**Exercise instructions**
Copy out only the span from the line with "then obtain r1" to the end of the data, both ends kept, word for word.

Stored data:
---

section \<open>The algebra \<open>algebraA\<close>\<close>

lemma algebraA_binop:
  assumes \<phi>: "\<phi> \<in> algebraA V E ends len iota Gbar" and \<psi>: "\<psi> \<in> algebraA V E ends len iota Gbar"
    and cont: "continuous_on Gbar (\<lambda>x. op (\<phi> x) (\<psi> x))"
    and smooth: "\<And>f g S. open S \<Longrightarrow> smooth_on f S \<Longrightarrow> smooth_on g S \<Longrightarrow>
      smooth_on (\<lambda>t. op (f t) (g t)) S"
    and deriv_0: "\<And>f g t. f differentiable (at t) \<Longrightarrow> g differentiable (at t) \<Longrightarrow>
      deriv f t = 0 \<Longrightarrow> deriv g t = 0 \<Longrightarrow> deriv (\<lambda>t. op (f t) (g t)) t = 0"
  shows "(\<lambda>x. op (\<phi> x) (\<psi> x)) \<in> algebraA V E ends len iota Gbar"
proof -
  let ?h = "\<lambda>x. op (\<phi> x) (\<psi> x)"
  let ?D = "\<lambda>u e t. deriv (edge_fun iota u e) t = 0"
  have edge_fun_h: "edge_fun iota ?h e = (\<lambda>t. op (edge_fun iota \<phi> e t) (edge_fun iota \<psi> e t))" for e
    by (simp add: edge_fun_def)
  have smooth_\<phi>: "\<forall>e\<in>E. smooth_on (edge_fun iota \<phi> e) {0<..<len e}"
    and smooth_\<psi>: "\<forall>e\<in>E. smooth_on (edge_fun iota \<psi> e) {0<..<len e}"
    using \<phi> \<psi> by (simp_all add: algebraA_def)
  have deriv_h: "?D ?h e t" if "e \<in> E" "t \<in> {0<..<len e}" "?D \<phi> e t" "?D \<psi> e t" for e t
  proof -
    have "edge_fun iota \<phi> e differentiable (at t)" "edge_fun iota \<psi> e differentiable (at t)"
      using that(1,2) smooth_\<phi> smooth_\<psi> smooth_on_imp_differentiable by blast+
    then show ?thesis
      unfolding edge_fun_h using that(3,4) by (rule deriv_0)
  qed
  obtain F1 F2 where F: "finite F1" "F1 \<subseteq> E" "\<forall>e\<in>E - F1. \<forall>t\<in>{0<..<len e}. ?D \<phi> e t"
    "finite F2" "F2 \<subseteq> E" "\<forall>e\<in>E - F2. \<forall>t\<in>{0<..<len e}. ?D \<psi> e t"
    using \<phi> \<psi> unfolding algebraA_def mem_Collect_eq by (elim conjE exE) blast
  have vertex: "\<exists>r>0. \<forall>e\<in>E. \<forall>t\<in>{0<..<len e}.
      gdist E ends len (Vtx v) (EPt e t) < r \<longrightarrow> ?D ?h e t" if "v \<in> V" for v
  proof -
    have "\<exists>r>0. \<forall>e\<in>E. \<forall>t\<in>{0<..<len e}. gdist E ends len (Vtx v) (EPt e t) < r \<longrightarrow> ?D \<phi> e t"
      "\<exists>r>0. \<forall>e\<in>E. \<forall>t\<in>{0<..<len e}. gdist E ends len (Vtx v) (EPt e t) < r \<longrightarrow> ?D \<psi> e t"
      using \<phi> \<psi> \<open>v \<in> V\<close> by (simp_all add: algebraA_def)
    then obtain r1 r2 where "0 < r1" "0 < r2"
      "\<forall>e\<in>E. \<forall>t\<in>{0<..<len e}. gdist E ends len (Vtx v) (EPt e t) < r1 \<longrightarrow> ?D \<phi> e t"
      "\<forall>e\<in>E. \<forall>t\<in>{0<..<len e}. gdist E ends len (Vtx v) (EPt e t) < r2 \<longrightarrow> ?D \<psi> e t"
      by blast
    then show ?thesis
      using deriv_h by (intro exI[of _ "min r1 r2"]) simp
  qed
  show ?thesis
    unfolding algebraA_def
  proof (intro CollectI conjI ballI)
    show "continuous_on Gbar ?h"
      by (rule cont)
    show "smooth_on (edge_fun iota ?h e) {0<..<len e}" if "e \<in> E" for e
      unfolding edge_fun_h by (rule smooth) (use that smooth_\<phi> smooth_\<psi> in auto)
    show "\<exists>F. finite F \<and> F \<subseteq> E \<and> (\<forall>e\<in>E - F. \<forall>t\<in>{0<..<len e}. ?D ?h e t)"
      using F deriv_h by (intro exI[of _ "F1 \<union> F2"]) auto
  qed (rule vertex)
qed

---

**Expected output**
    then obtain r1 r2 where "0 < r1" "0 < r2"
      "\<forall>e\<in>E. \<forall>t\<in>{0<..<len e}. gdist E ends len (Vtx v) (EPt e t) < r1 \<longrightarrow> ?D \<phi> e t"
      "\<forall>e\<in>E. \<forall>t\<in>{0<..<len e}. gdist E ends len (Vtx v) (EPt e t) < r2 \<longrightarrow> ?D \<psi> e t"
      by blast
    then show ?thesis
      using deriv_h by (intro exI[of _ "min r1 r2"]) simp
  qed
  show ?thesis
    unfolding algebraA_def
  proof (intro CollectI conjI ballI)
    show "continuous_on Gbar ?h"
      by (rule cont)
    show "smooth_on (edge_fun iota ?h e) {0<..<len e}" if "e \<in> E" for e
      unfolding edge_fun_h by (rule smooth) (use that smooth_\<phi> smooth_\<psi> in auto)
    show "\<exists>F. finite F \<and> F \<subseteq> E \<and> (\<forall>e\<in>E - F. \<forall>t\<in>{0<..<len e}. ?D ?h e t)"
      using F deriv_h by (intro exI[of _ "F1 \<union> F2"]) auto
  qed (rule vertex)
qed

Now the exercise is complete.